Based on our knowledge this is the first investigation on the association between the single-child and cardio-metabolic risk factors in national representative data. The results of study have shown that there is a significant statistical association between the single-child family and the obesity among children and adolescents. It is considerable that, there was not significant association between the single-child and other cardio-metabolic risk factors.

There is some evidence on the family structure and its association with the NCDs or their cores pound risk factors. The association of single child dimension of family with increased risk of obesity have been confirmed in previous investigations [27]. In another study, it has been shown that, compared to the single children, the students who have a sister or a brother are less likely to be obese [12]. Another research shown the association between more siblings and less risk for obesity [28].

In the logistic model, there is no significant association between the dimension of family and the risks of high SBP, high DBP, high BP, high TG, low HDL-c, high FBS, MetS, high LDL-c and high TC. When we run the linear model, we investigate the significant association between the numbers of children the decreased risk of high SBP (OR: 0.88, CI: 0.81, 0.95).

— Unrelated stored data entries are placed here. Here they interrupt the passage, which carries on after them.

lemma recf_compiledI:
  assumes "\<And>xs y ins out fr s. rec_eval f xs y \<Longrightarrow> map s ins = xs \<Longrightarrow>
     set ins \<subseteq> {..<fr} \<Longrightarrow> out < fr \<Longrightarrow> out \<notin> set ins \<Longrightarrow>
     \<exists>s'. exec (compile_recf f ins out fr) s s' \<and> s' out = y \<and> (\<forall>r<fr. r \<noteq> out \<longrightarrow> s' r = s r)"
  shows "recf_compiled f"
  using assms unfolding recf_compiled_def by blast

lemma recf_compiledD:
  assumes "recf_compiled f" "rec_eval f xs y" "map s ins = xs"
    "set ins \<subseteq> {..<fr}" "out < fr" "out \<notin> set ins"
  shows "\<exists>s'. exec (compile_recf f ins out fr) s s' \<and> s' out = y \<and> (\<forall>r<fr. r \<noteq> out \<longrightarrow> s' r = s r)"
  using assms unfolding recf_compiled_def by blast

lemma recf_compiled_Zf: "recf_compiled Zf"
proof (rule recf_compiledI)
  fix xs ins :: "nat list" and y out fr :: nat and s :: "nat \<Rightarrow> nat"
  assume "rec_eval Zf xs y"
  then have "y = 0" by (auto elim: rec_eval.cases)
  with exec_clear[of out s] show "\<exists>s'. exec (compile_recf Zf ins out fr) s s' \<and> s' out = y \<and>
      (\<forall>r<fr. r \<noteq> out \<longrightarrow> s' r = s r)" by auto
qed

lemma recf_compiled_Sf: "recf_compiled Sf"
proof (rule recf_compiledI)
  fix xs ins :: "nat list" and y out fr :: nat and s :: "nat \<Rightarrow> nat"
  assume ev: "rec_eval Sf xs y" and args: "map s ins = xs" "set ins \<subseteq> {..<fr}"
    and out: "out < fr" "out \<notin> set ins"
  from ev obtain x xs' where "xs = x # xs'" "y = Suc x" by (auto elim: rec_eval.cases)
  with args obtain a ins' where ins: "ins = a # ins'" "s a = x" by (cases ins) auto
  have "distinct [a, out, fr]" using ins args out by auto
  then have "exec (compile_recf Sf ins out fr) s (s(out := s a, fr := 0, out := Suc (s a)))"
    using ins by (auto intro!: exec_Seq[OF exec_copy] exec_final_cong[OF exec_Inc])
  then show "\<exists>s'. exec (compile_recf Sf ins out fr) s s' \<and> s' out = y \<and>
      (\<forall>r<fr. r \<noteq> out \<longrightarrow> s' r = s r)"
    using \<open>y = Suc x\<close> ins by (intro exI) auto
qed

lemma recf_compiled_Proj: "recf_compiled (Proj i)"
proof (rule recf_compiledI)
  fix xs ins :: "nat list" and y out fr :: nat and s :: "nat \<Rightarrow> nat"
  assume ev: "rec_eval (Proj i) xs y" and args: "map s ins = xs" "set ins \<subseteq> {..<fr}"
    and out: "out < fr" "out \<notin> set ins"
  from ev have i: "i < length xs" "y = xs ! i" by (auto elim: rec_eval.cases)
  then have a: "ins ! i \<in> set ins" "s (ins ! i) = y" using args by auto
  then have "distinct [ins ! i, out, fr]" using args out by auto
  then have "exec (compile_recf (Proj i) ins out fr) s (s(out := s (ins ! i), fr := 0))"
    by (simp add: exec_copy)
  then show "\<exists>s'. exec (compile_recf (Proj i) ins out fr) s s' \<and> s' out = y \<and>
      (\<forall>r<fr. r \<noteq> out \<longrightarrow> s' r = s r)"
    using a out by (intro exI[of _ "s(out := s (ins ! i), fr := 0)"]) auto
qed

lemma exec_compile_recfs:
  assumes "\<forall>g\<in>set gs. recf_compiled g" "list_all2 (\<lambda>g y. rec_eval g xs y) gs ys"
    "map s ins = xs" "set ins \<subseteq> {..<y\<^sub>0}" "y\<^sub>0 + length gs \<le> fr"
  shows "\<exists>s'. exec (compile_recfs gs ins y\<^sub>0 fr) s s' \<and> map s' [y\<^sub>0..<y\<^sub>0 + length gs] = ys
           \<and> (\<forall>r<fr. r \<notin> {y\<^sub>0..<y\<^sub>0 + length gs} \<longrightarrow> s' r = s r)"
  using assms
proof (induction gs arbitrary: ys y\<^sub>0 s)
  case Nil
  then show ?case by (auto intro: exec_skip)
next
  case (Cons g gs)
  from Cons.prems(2) obtain v vs where ys: "ys = v # vs" "rec_eval g xs v"
    "list_all2 (\<lambda>g y. rec_eval g xs y) gs vs" by (cases ys) auto
  have "recf_compiled g" using Cons.prems(1) by simp
  moreover have "set ins \<subseteq> {..<fr}" "y\<^sub>0 < fr" "y\<^sub>0 \<notin> set ins"
    using Cons.prems(4,5) by auto
  ultimately obtain s\<^sub>1 where s\<^sub>1: "exec (compile_recf g ins y\<^sub>0 fr) s s\<^sub>1" "s\<^sub>1 y\<^sub>0 = v"
    "\<forall>r<fr. r \<noteq> y\<^sub>0 \<longrightarrow> s\<^sub>1 r = s r"
    using recf_compiledD[OF _ ys(2) Cons.prems(3)] by blast
  have "s\<^sub>1 x = s x" if "x \<in> set ins" for x
  proof -
    have "x < y\<^sub>0" using that Cons.prems(4) by auto
    then show ?thesis using s\<^sub>1(3) Cons.prems(5) by simp
  qed
  then have "map s\<^sub>1 ins = xs" using Cons.prems(3) by (auto simp: map_eq_conv)
  then obtain s\<^sub>2 where s\<^sub>2: "exec (compile_recfs gs ins (Suc y\<^sub>0) fr) s\<^sub>1 s\<^sub>2"
    "map s\<^sub>2 [Suc y\<^sub>0..<Suc y\<^sub>0 + length gs] = vs"
    "\<forall>r<fr. r \<notin> {Suc y\<^sub>0..<Suc y\<^sub>0 + length gs} \<longrightarrow> s\<^sub>2 r = s\<^sub>1 r"
  proof -
    have "\<forall>g\<in>set gs. recf_compiled g" "set ins \<subseteq> {..<Suc y\<^sub>0}" "Suc y\<^sub>0 + length gs \<le> fr"
      using Cons.prems(1,4,5) by auto
    then show ?thesis using Cons.IH[OF _ ys(3) \<open>map s\<^sub>1 ins = xs\<close>] that by blast
  qed
  have "[y\<^sub>0..<y\<^sub>0 + length (g # gs)] = y\<^sub>0 # [Suc y\<^sub>0..<Suc y\<^sub>0 + length gs]"
    by (simp add: upt_conv_Cons del: upt_Suc)
  moreover have "s\<^sub>2 y\<^sub>0 = v" using s\<^sub>2(3) s\<^sub>1(2) Cons.prems(5) by auto
  ultimately have "map s\<^sub>2 [y\<^sub>0..<y\<^sub>0 + length (g # gs)] = ys"
    using s\<^sub>2(2) ys(1) by simp
  moreover have "exec (compile_recfs (g # gs) ins y\<^sub>0 fr) s s\<^sub>2"
    using s\<^sub>1(1) s\<^sub>2(1) by (auto intro: exec_Seq)
  moreover have "\<forall>r<fr. r \<notin> {y\<^sub>0..<y\<^sub>0 + length (g # gs)} \<longrightarrow> s\<^sub>2 r = s r"
    using s\<^sub>1(3) s\<^sub>2(3) by auto
  ultimately show ?case by blast
qed

lemma recf_compiled_Comp:
  assumes f: "recf_compiled f" and gs: "\<forall>g\<in>set gs. recf_compiled g"
  shows "recf_compiled (Comp f gs)"
proof (rule recf_compiledI)
  fix xs ins :: "nat list" and y out fr :: nat and s :: "nat \<Rightarrow> nat"
  assume ev: "rec_eval (Comp f gs) xs y" and args: "map s ins = xs" "set ins \<subseteq> {..<fr}"
    and out: "out < fr" "out \<notin> set ins"
  from ev obtain ys where ys: "list_all2 (\<lambda>g y. rec_eval g xs y) gs ys" "rec_eval f ys y"
    by (auto elim: rec_eval.cases)
  let ?fr = "fr + length gs"
  obtain s\<^sub>1 where s\<^sub>1: "exec (compile_recfs gs ins fr ?fr) s s\<^sub>1" "map s\<^sub>1 [fr..<?fr] = ys"
      "\<forall>r<?fr. r \<notin> {fr..<?fr} \<longrightarrow> s\<^sub>1 r = s r"
    using exec_compile_recfs[OF gs ys(1) args order_refl] by auto
  obtain s\<^sub>2 where s\<^sub>2: "exec (compile_recf f [fr..<?fr] out ?fr) s\<^sub>1 s\<^sub>2" "s\<^sub>2 out = y"
    "\<forall>r<?fr. r \<noteq> out \<longrightarrow> s\<^sub>2 r = s\<^sub>1 r"
  proof -
    have "set [fr..<?fr] \<subseteq> {..<?fr}" "out < ?fr" "out \<notin> set [fr..<?fr]" using out by auto
    then show ?thesis using recf_compiledD[OF f ys(2) s\<^sub>1(2)] that by blast
  qed
  show "\<exists>s'. exec (compile_recf (Comp f gs) ins out fr) s s' \<and> s' out = y \<and>
      (\<forall>r<fr. r \<noteq> out \<longrightarrow> s' r = s r)"
    using s\<^sub>1 s\<^sub>2 by (intro exI[of _ s\<^sub>2]) (auto intro: exec_Seq)
qed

Based on the evidence; boys in single-child families, compare with their counterpart in numerous child families; significantly spent more time for watching TV [29] and less time for physical activities. The physical activities shown the inverse association with the levels of LDL and TC [30]. Increasing screen time during a week with, discussed as a predisposing factor of obesity, overweight, diabetes, CVD and MetS [31-33].

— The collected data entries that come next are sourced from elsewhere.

lemma sum_prod_column_sign_eq_0:
  fixes T :: "'n::finite freq set"
  assumes "xor_independent T" "T \<subseteq> Qset N" "U \<subseteq> T \<times> {..<m}" "U \<noteq> {}"
  shows "(\<Sum>C\<in>Cspace N m. \<Prod>u\<in>U. column_sign (snd u) C (fst u)) = 0"
proof -
  obtain k1 c0 where kc: "(k1, c0) \<in> U" using assms(4) by auto
  define U0 where "U0 = {k. (k, c0) \<in> U}"
  have "U0 \<subseteq> T" using assms(3) by (auto simp: U0_def)
  moreover have "U0 \<noteq> {}" using kc by (auto simp: U0_def)
  ultimately obtain j0 l0 where odd: "odd (card {k\<in>U0. l0 \<in> digits (k j0)})"
    and l0: "1 \<le> l0" "l0 \<le> N"
    using xor_independent_obtains_odd_digit[OF assms(1,2)] by blast
  have c0: "c0 < m" using kc assms(3) by auto
  define W where "W = {u. snd u = c0 \<and> l0 \<in> digits (fst u j0)}"
  have "U \<inter> W = (\<lambda>k. (k, c0)) ` {k\<in>U0. l0 \<in> digits (k j0)}"
    by (auto simp: W_def U0_def)
  moreover have "inj (\<lambda>k::'n freq. (k, c0))" by (rule injI) simp
  ultimately have card_UW: "card (U \<inter> W) = card {k\<in>U0. l0 \<in> digits (k j0)}"
    by (simp add: card_image inj_on_subset)
  show ?thesis
  proof (rule sum_prod_signs_eq_0[where \<phi>="flip_C j0 l0 c0" and W=W])
    show "finite (Cspace N m)" by (rule finite_Cspace)
    have "finite (T \<times> {..<m})" using finite_subset[OF assms(2) finite_Qset] by simp
    then show "finite U" by (rule finite_subset[OF assms(3)])
    show "flip_C j0 l0 c0 C \<in> Cspace N m" if "C \<in> Cspace N m" for C
      using that l0 c0 by (auto simp: Cspace_def flip_C_def)
    show "flip_C j0 l0 c0 (flip_C j0 l0 c0 C) = C" for C
      by (simp add: flip_C_def fun_eq_iff)
    show "column_sign (snd u) (flip_C j0 l0 c0 C) (fst u)
        = (if u \<in> W then - column_sign (snd u) C (fst u) else column_sign (snd u) C (fst u))" for u C
      by (simp add: column_sign_flip_C W_def)
    show "odd (card (U \<inter> W))" using odd card_UW by simp
  qed
qed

There is some discussion that shown single children because their sense of loneliness, mostly spend more time for watching TV. This face them with increased risk of cardiometabolic risk factors. Consumption junk food is one of the probable related factors for insulin resistance and high risks of SBP [34]. On the other hand, junk food intake is positively associated with levels of BMI, WC, and TG level [35].

Studies shown that, smaller size families mostly demand for processed outdoors foods. Such nutritional habits could increase the levels of TG and the risk of cardio- metabolic diseases [36]. Some studies also emphasized on the link of fast food consumption with increased levels of serum fat and calorie intake in children obesity [37].

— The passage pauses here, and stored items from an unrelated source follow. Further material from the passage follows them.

lemma cond_mean_distr:
  assumes \<phi> [measurable]: "\<phi> \<in> measurable M N"
    and [measurable]: "Y \<in> borel_measurable N" "A \<in> borel_measurable N"
  shows "cond_mean (distr M N \<phi>) Y A a = cond_mean M (\<lambda>\<omega>. Y (\<phi> \<omega>)) (\<lambda>\<omega>. A (\<phi> \<omega>)) a"
proof -
  have level_sets: "{z\<in>space N. A z = a} \<in> sets N" by measurable
  have level: "\<phi> -` {z\<in>space N. A z = a} \<inter> space M = {\<omega>\<in>space M. A (\<phi> \<omega>) = a}"
    using measurable_space[OF \<phi>] by auto
  have "(\<integral>z. Y z * indicator {z\<in>space N. A z = a} z \<partial>distr M N \<phi>)
      = (\<integral>\<omega>. Y (\<phi> \<omega>) * indicator {\<omega>\<in>space M. A (\<phi> \<omega>) = a} \<omega> \<partial>M)"
    using measurable_space[OF \<phi>] by (subst integral_distr) (auto simp: indicator_def intro!: Bochner_Integration.integral_cong)
  moreover have "measure (distr M N \<phi>) {z\<in>space N. A z = a} = measure M {\<omega>\<in>space M. A (\<phi> \<omega>) = a}"
    unfolding measure_distr[OF \<phi> level_sets] level ..
  ultimately show ?thesis by (simp add: cond_mean_def)
qed

lemma cond_mean_W_eq_scaled_cond_mean_V:
  assumes "model M J W A X V E S" and "j \<in> {1..J}"
  shows "cond_mean M (W j) A a = (\<integral>x. E j x \<partial>M) * (\<integral>x. S x \<partial>M) * cond_mean M (V j) A a"
proof -
  note m = assms(1)[unfolded model_def]
  interpret prob_space_subalgebra M "sigma_AX M A X"
    using m by (intro prob_space_subalgebra_sigma_AX) auto
  have G: "{\<omega>\<in>space M. A \<omega> = a} \<in> sets (sigma_AX M A X)" by (rule level_set_in_sigma_AX)
  have "(\<integral>\<omega>\<in>{\<omega>\<in>space M. A \<omega> = a}. W j \<omega> \<partial>M) = (\<integral>\<omega>\<in>{\<omega>\<in>space M. A \<omega> = a}. V j \<omega> * E j \<omega> * S \<omega> \<partial>M)"
    using m assms(2) G by (intro set_integral_eq_of_real_cond_exp_AE_eq) auto
  also have "\<dots> = (\<integral>\<omega>\<in>{\<omega>\<in>space M. A \<omega> = a}. V j \<omega> \<partial>M) * expectation (E j) * expectation S"
    using m assms(2) G by (intro set_integral_mult3_cond_indep3) (auto simp: indep_of_AX_iff_indep_set)
  finally show ?thesis by (simp add: cond_mean_eq_set_integral mult_ac)
qed

lemma Psi1_eq_ln_ratio_cond_mean_W:
  assumes "model M J W A X V E S" and "j \<in> {1..J}"
  shows "Psi1 M V A j = ln (cond_mean M (W j) A 1 / cond_mean M (W j) A 0)"
proof -
  note m = assms(1)[unfolded model_def]
  interpret prob_space M using m by blast
  have "expectation (E j) > 0" "expectation S > 0"
    using m assms(2) by (auto intro!: expectation_pos)
  then show ?thesis
    by (simp add: Psi1_def cond_mean_W_eq_scaled_cond_mean_V[OF assms])
qed

lemma cond_mean_W_eq_cond_mean_observed_law:
  assumes "model M J W A X V E S" and j: "j \<in> {1..J}"
  shows "cond_mean M (W j) A a = cond_mean (observed_law M J W A X) (\<lambda>z. fst z j) (\<lambda>z. fst (snd z)) a"
proof -
  note m = assms(1)[unfolded model_def]
  have [measurable]: "A \<in> borel_measurable M" "X \<in> borel_measurable M" using m by auto
  have [measurable]: "W i \<in> borel_measurable M" if "i \<in> {1..J}" for i using m that by auto
  have "(\<lambda>\<omega>. (restrict (\<lambda>j. W j \<omega>) {1..J}, A \<omega>, X \<omega>))
      \<in> measurable M (PiM {1..J} (\<lambda>_. borel) \<Otimes>\<^sub>M borel \<Otimes>\<^sub>M borel)"
    by measurable
  then show ?thesis
    unfolding observed_law_def using j
    by (subst cond_mean_distr) (auto intro: cond_mean_cong)
qed

theorem mainTheorem1:
  fixes M1 :: "'a measure" and W1 V1 E1 :: "nat \<Rightarrow> 'a \<Rightarrow> real"
    and A1 S1 :: "'a \<Rightarrow> real" and X1 :: "'a \<Rightarrow> real^'p"
    and M2 :: "'b measure" and W2 V2 E2 :: "nat \<Rightarrow> 'b \<Rightarrow> real"
    and A2 S2 :: "'b \<Rightarrow> real" and X2 :: "'b \<Rightarrow> real^'p"
    and J :: nat
  assumes "model M1 J W1 A1 X1 V1 E1 S1"
    and "model M2 J W2 A2 X2 V2 E2 S2"
    and "observed_law M1 J W1 A1 X1 = observed_law M2 J W2 A2 X2"
  shows "\<forall>j\<in>{1..J}. Psi1 M1 V1 A1 j = Psi1 M2 V2 A2 j"
proof
  fix j assume j: "j \<in> {1..J}"
  have "cond_mean M1 (W1 j) A1 a = cond_mean M2 (W2 j) A2 a" for a
    unfolding cond_mean_W_eq_cond_mean_observed_law[OF assms(1) j]
      cond_mean_W_eq_cond_mean_observed_law[OF assms(2) j] assms(3) ..
  then show "Psi1 M1 V1 A1 j = Psi1 M2 V2 A2 j"
    unfolding Psi1_eq_ln_ratio_cond_mean_W[OF assms(1) j] Psi1_eq_ln_ratio_cond_mean_W[OF assms(2) j]
    by simp
qed

end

However, we could not found any significant association between single child situation and the majority of metabolic cardiovascular risk factors, but the role of a healthy lifestyle including physical activity and nutrition in cardio- metabolic risk factors emphasized.

One of the strengths of the present study was its national representative large sample of children and adolescents. Considering the nature of study design, the cross-sectional study limit us in causality inference of variables. On the other hand recalling bias should be mentioned as another limitation.

Conclusion

The findings of present study provide the confirmatory evidence on the association of cardio-metabolic risk factors with single-child family in national sample of children and adolescents. As a considerable point the mean of height of students in single child families significantly was shorter than the other group. The findings of study could be used for better health planning and more evidence-based policy making. The achievements also highlighted the path of complementary research.